Tech Tired: Does Advertising Constrain Tech Stock Growth?
U.S. stock markets are hitting record highs, often led by so-called tech stocks like Google, Facebook, and Amazon, now valued at three to five times their 2008 prices. In contrast to tech titans like Microsoft and Apple that produce and sell technology products, however, these companies earn their revenue largely through advertising. Amazon, grouped in with tech companies, is more a logistics and payment services behemoth.
How long can this go on?
Google and Facebook earn almost all of their revenue through advertising. They have continually upgraded their advertising technology through acquisitions and their own innovations, capturing an increasing share of the advertising market.
Both companies use their massive advertising dollars from Google Search, Gmail, Facebook, and Instagram to prop up various often unprofitable ventures. Subsidizing across the company hasn’t negatively impacted their bottom lines, however, as reflected in their equity prices.
A business model that depends almost exclusively on advertising revenues begs the question of whether there are not overall limits to the size of the advertising market, and whether digital’s share of that market can continue to enjoy double-digit growth in what is historically at best a slow-growing market.

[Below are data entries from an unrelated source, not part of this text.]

(* For every $\varepsilon>0$ there is $\delta>0$ such that the following holds. Let $G=(V_1,V_2,E)$ be a bipartite graph with $|V_1|\ge|V_2|/2$, and let $\mathcal P=\{x_0,x_1,\ldots,x_{|V_2|^{0.5}}\}$ be an $\varepsilon$-pair-star of size $|V_2|^{0.5}$ rooted at $x_0$ associated to $V_1$. If $W\subset V_2$ is chosen uniformly at random among all subsets of $V_2$, then $\mathbb P\big(|A^W_{\mathcal P}|\ge\delta|V_2|^{0.5}\big)\ge 3/4$, where $$A^W_{\mathcal P}:=\{d^W(x_i)-d^W(x_0): i\in[|V_2|^{0.5}]\}\cap[-3|V_2|^{0.5},3|V_2|^{0.5}].$$
   Context: A bipartite graph $G=(V_1,V_2,E)$ has vertex set $V_1\sqcup V_2$ and edge set $E\subset V_1\times V_2$; $N(v)$ is the neighbourhood and $d(v)$ the degree of $v$, and for $S\subset V_2$, $d^S(v)=|N(v)\cap S|$. For $u,v\in V_1$, $\mathrm{div}(u,v)=N(u)\triangle N(v)$. An $\varepsilon$-pair-star of size $k$ associated to $V_1$ rooted at $x_0$ is a set $\{x_0,x_1,\ldots,x_k\}\subset V_1$ with $|d(x_j)-d(x_0)|\le|V_2|^{0.5}$ for all $j\in[k]$ and $|\mathrm{div}(x_i,x_j)|\ge\varepsilon|V_2|$ for all $i\ne j$ in $\{0,\ldots,k\}$. Floors/ceilings of non-integer sizes are ignored. *)

theory Defs
  imports Main Complex_Main
begin

text \<open>A bipartite graph is given by finite vertex sets V1, V2 and an edge set E \<subseteq> V1 \<times> V2.\<close>

definition nbhd :: "('a \<times> 'b) set \<Rightarrow> 'a \<Rightarrow> 'b set" where
  "nbhd E v = {w. (v, w) \<in> E}"

definition deg :: "('a \<times> 'b) set \<Rightarrow> 'a \<Rightarrow> nat" where
  "deg E v = card (nbhd E v)"

definition degS :: "('a \<times> 'b) set \<Rightarrow> 'b set \<Rightarrow> 'a \<Rightarrow> nat" where
  "degS E S v = card (nbhd E v \<inter> S)"

definition divg :: "('a \<times> 'b) set \<Rightarrow> 'a \<Rightarrow> 'a \<Rightarrow> 'b set" where
  "divg E u v = (nbhd E u - nbhd E v) \<union> (nbhd E v - nbhd E u)"

definition pair_star ::
  "real \<Rightarrow> 'a set \<Rightarrow> 'b set \<Rightarrow> ('a \<times> 'b) set \<Rightarrow> 'a set \<Rightarrow> 'a \<Rightarrow> nat \<Rightarrow> bool" where
  "pair_star eps V1 V2 E P x0 k \<longleftrightarrow>
     P \<subseteq> V1 \<and> x0 \<in> P \<and> card P = k + 1 \<and>
     (\<forall>x\<in>P - {x0}. \<bar>real (deg E x) - real (deg E x0)\<bar> \<le> sqrt (real (card V2))) \<and>
     (\<forall>u\<in>P. \<forall>v\<in>P. u \<noteq> v \<longrightarrow> real (card (divg E u v)) \<ge> eps * real (card V2))"

definition AWP :: "('a \<times> 'b) set \<Rightarrow> 'b set \<Rightarrow> 'a set \<Rightarrow> 'a \<Rightarrow> 'b set \<Rightarrow> int set" where
  "AWP E V2 P x0 W =
     {int (degS E W x) - int (degS E W x0) | x. x \<in> P - {x0}}
     \<inter> {z. \<bar>real_of_int z\<bar> \<le> 3 * sqrt (real (card V2))}"

end

theory Submission
  imports Defs
begin

text \<open>
  For a leaf x of the star, 2 (d^W(x) - d^W(x0)) - (d(x) - d(x0)) is a sum of independent
  random signs over the symmetric difference of N(x) and N(x0), so its second moment is at most
  |V2| = n; as the degrees of x and x0 differ by at most sqrt n, Chebyshev's inequality bounds
  the probability that |d^W(x) - d^W(x0)| > 3 sqrt n by 1/25.  Two leaves x, y give the same
  difference only if W meets N(x) - N(y) and N(y) - N(x) equally often; this is a central
  binomial event of probability at most |div(x, y)|^(-1/2) \<le> (eps sqrt n)^(-1).  Keeping only
  about eps sqrt n / 12 leaves, the expected number of leaves that are far or collide with
  another one is less than an eighth of them, and Markov's inequality shows that for at least
  3/4 of all W more than half of these leaves give distinct differences lying in A^W_P.
\<close>

subsection \<open>Central binomial coefficients\<close>

lemma central_binomial_Suc: "2 * Suc n choose Suc n = 2 * (Suc (2 * n) choose n)"
proof -
  have "Suc (2 * n) choose Suc n = Suc (2 * n) choose n"
    using central_binomial_odd[of "Suc (2 * n)"] by simp
  then show ?thesis by simp
qed

lemma Suc_times_central_binomial_Suc:
  "Suc n * (2 * Suc n choose Suc n) = 2 * Suc (2 * n) * (2 * n choose n)"
proof -
  have "Suc (2 * n) choose n = Suc (2 * n) choose Suc n"
    using central_binomial_odd[of "Suc (2 * n)"] by simp
  then have "Suc n * (Suc (2 * n) choose n) = Suc (2 * n) * (2 * n choose n)"
    using Suc_times_binomial[of n "2 * n"] by simp
  then show ?thesis
    unfolding central_binomial_Suc by (simp add: algebra_simps)
qed
lemma inner_bloch_vec:
  assumes d: "d \<ge> 2" and hB: "hermitian_mat d B" and hC: "hermitian_mat d C"
    and tB: "mat_trace d B = 0" and tC: "mat_trace d C = 0"
  shows "inner_d d (bloch_vec d B) (bloch_vec d C) = Re (mat_tr_prod d B C)"
proof -
  define \<phi> where "\<phi> i j = bloch_coord d B i j * bloch_coord d C i j" for i j
  define \<psi> where "\<psi> i j = Re (B i j * C j i)" for i j
  have "inner_d d (bloch_vec d B) (bloch_vec d C) = (\<Sum>i<d. \<Sum>j<d. \<phi> i j) - \<phi> (d - 1) (d - 1)"
    unfolding inner_d_def bloch_vec_def \<phi>_def using d by (intro sum_bloch_index) simp
  also have "\<dots> = (\<Sum>i<d. \<Sum>j<d. if i < j then \<phi> i j + \<phi> j i else 0) + (\<Sum>i<d - 1. \<phi> i i)"
    using sum_sum_split_diag[of \<phi> d] d by (cases d) simp_all
  also have "\<dots> = (\<Sum>i<d. \<Sum>j<d. if i < j then \<psi> i j + \<psi> j i else 0) + (\<Sum>i<d. \<psi> i i)"
    unfolding \<phi>_def \<psi>_def bloch_coord_diag[OF assms]
    using bloch_coord_offdiag[OF hB hC] by (intro arg_cong2[where f="(+)"] sum.cong refl) auto
  also have "\<dots> = (\<Sum>i<d. \<Sum>j<d. \<psi> i j)"
    by (rule sum_sum_split_diag[symmetric])
  also have "\<dots> = Re (mat_tr_prod d B C)"
    unfolding mat_tr_prod_def \<psi>_def by simp
  finally show ?thesis .
qed

lemma hermitian_bloch_mat: "hermitian_mat d (bloch_mat d p)"
  unfolding hermitian_mat_def
proof (intro allI impI)
  fix i j assume "i < d" "j < d"
  show "bloch_mat d p i j = cnj (bloch_mat d p j i)"
    by (cases "i < j"; cases "j < i") (auto simp: bloch_mat_def Let_def complex_eq_iff)
qed

lemma mat_trace_bloch_mat:
  assumes "d > 0"
  shows "mat_trace d (bloch_mat d p) = 0"
proof -
  obtain m where dm: "d = Suc m"
    using assms by (cases d) auto
  define r where "r l = p (l * d + l) - bloch_diag_coeff d * (\<Sum>i<d - 1. p (i * d + i)) / sqrt (real d)"
    for l
  have "mat_trace d (bloch_mat d p) = (\<Sum>i<m. bloch_mat d p i i) + bloch_mat d p m m"
    unfolding mat_trace_def dm by simp
  also have "\<dots> = (\<Sum>i<m. complex_of_real (r i)) + complex_of_real (- (\<Sum>l<m. r l))"
    unfolding bloch_mat_def Let_def r_def dm by simp
  also have "\<dots> = 0"
    by (simp flip: of_real_sum)
  finally show ?thesis .
qed

lemma bloch_vec_bloch_mat:
  assumes d: "d \<ge> 2" and k: "k < d^2 - 1"
  shows "bloch_vec d (bloch_mat d p) k = p k"
proof -
  define i where "i = k div d"
  define j where "j = k mod d"
  have kij: "k = i * d + j"
    unfolding i_def j_def by simp
  have ij: "i < d" "j < d"
    unfolding i_def j_def using k d by (auto simp: less_mult_imp_div_less power2_eq_square)
  have not_last: "\<not> (i = d - 1 \<and> j = d - 1)"
  proof
    assume "i = d - 1 \<and> j = d - 1"
    then have "k = d^2 - 1"
      using kij d by (simp add: power2_eq_square algebra_simps)
    then show False
      using k by simp
  qed
  define q where "q i j = p (i * d + j)" for i j
  define S where "S = (\<Sum>l<d - 1. q l l)"
  define t where "t = bloch_diag_coeff d * S / sqrt (real d)"
  have diag: "Re (bloch_mat d p l l) = q l l - t" if "l < d - 1" for l
    using that unfolding bloch_mat_def q_def Let_def t_def S_def by simp
  have shift: "bloch_diag_coeff d * (\<Sum>l<d - 1. Re (bloch_mat d p l l)) = t"
  proof -
    have sum_diag: "(\<Sum>l<d - 1. Re (bloch_mat d p l l)) = S - real (d - 1) * t"
      unfolding S_def using diag by (simp add: sum_subtractf)
    have "bloch_diag_coeff d * (\<Sum>l<d - 1. Re (bloch_mat d p l l)) =
        bloch_diag_coeff d * S - (real (d - 1) * bloch_diag_coeff d) * t"
      unfolding sum_diag by (simp add: algebra_simps)
    also have "real (d - 1) * bloch_diag_coeff d = sqrt (real d) - 1"
      using bloch_diag_coeff_mult[OF d] d by (simp add: of_nat_diff)
    also have "bloch_diag_coeff d * S - (sqrt (real d) - 1) * t = t"
      unfolding t_def using d by (simp add: field_simps)
    finally show ?thesis .
  qed
  have "bloch_coord d (bloch_mat d p) i j = q i j"
  proof (cases "i = j")
    case True
    then have "i < d - 1"
      using not_last ij by auto
    then show ?thesis
      using True diag shift unfolding bloch_coord_def by simp
  next
    case False
    then show ?thesis
      by (cases "i < j") (simp_all add: bloch_coord_def bloch_mat_def q_def Let_def)
  qed
  then show ?thesis
    unfolding bloch_vec_def q_def i_def j_def by simp
qed

lemma bloch_vec_scale:
  "bloch_vec d (\<lambda>i j. complex_of_real s * B i j) k = s * bloch_vec d B k"
  unfolding bloch_vec_def bloch_coord_def by (simp add: sum_distrib_left algebra_simps)

section \<open>States of purity \<open>1 / (d - 1)\<close>\<close>

definition centered :: "nat \<Rightarrow> (nat \<Rightarrow> nat \<Rightarrow> complex) \<Rightarrow> nat \<Rightarrow> nat \<Rightarrow> complex" where
  "centered d \<rho> i j = \<rho> i j - (if i = j then 1 / of_nat d else 0)"

lemma hermitian_centered:
  assumes "hermitian_mat d \<rho>"
  shows "hermitian_mat d (centered d \<rho>)"
  unfolding hermitian_mat_def
proof (intro allI impI)
  fix i j assume "i < d" "j < d"
  then have "\<rho> i j = cnj (\<rho> j i)"
    by (rule hermitian_matD[OF assms])
  then show "centered d \<rho> i j = cnj (centered d \<rho> j i)"
    unfolding centered_def by simp
qed

lemma mat_trace_centered: "d > 0 \<Longrightarrow> mat_trace d (centered d \<rho>) = mat_trace d \<rho> - 1"
  unfolding mat_trace_def centered_def by (simp add: sum_subtractf)

lemma mat_tr_prod_centered:
  assumes "d > 0"
  shows "mat_tr_prod d (centered d \<rho>) (centered d \<sigma>) =
    mat_tr_prod d \<rho> \<sigma> - (mat_trace d \<rho> + mat_trace d \<sigma> - 1) / of_nat d"
proof -
  have "mat_tr_prod d (centered d \<rho>) (centered d \<sigma>) = (\<Sum>i<d. \<Sum>j<d. \<rho> i j * \<sigma> j i -
      (if i = j then (\<rho> i i + \<sigma> i i) / of_nat d - 1 / (of_nat d)^2 else 0))"
    unfolding mat_tr_prod_def centered_def
    by (intro sum.cong refl) (auto simp: algebra_simps power2_eq_square diff_divide_distrib add_divide_distrib)
  also have "\<dots> = mat_tr_prod d \<rho> \<sigma> - (mat_trace d \<rho> + mat_trace d \<sigma> - 1) / of_nat d"
    unfolding mat_tr_prod_def mat_trace_def using assms
    by (simp add: sum_subtractf sum.delta sum.distrib sum_divide_distrib[symmetric] power2_eq_square
        diff_divide_distrib)
  finally show ?thesis .
qed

While traditional, or non-digital, advertising has stagnated since 2011, the overall advertising market has grown at only about 4.5 percent a year even with the geometric rise in the digital segment.
Testing the limits
In 2011, digital advertising accounted for 20 percent of all ad revenues, doubling that share by 2017. Unless growth in the advertising sector itself accelerates, digital advertising—growing at about five times the pace of the total market—will soon dominate the market. (Chart 1)
Chart 1: Growth in digital at current rates would overwhelm traditional advertising
As a practical matter, digital cannot completely replace traditional advertising through television, radio, and print, but under current rates of digital growth it will account for virtually all advertising by 2023. Realistically, digital advertising will hit a cap, potentially when it controls two-thirds of the market.
Amazon, Microsoft, and others are currently making massive investments in advertising technology to compete in what is clearly a constrained digital market. Some existing advertising-driven tech companies like Snapchat and Twitter, for example, are already struggling to succeed.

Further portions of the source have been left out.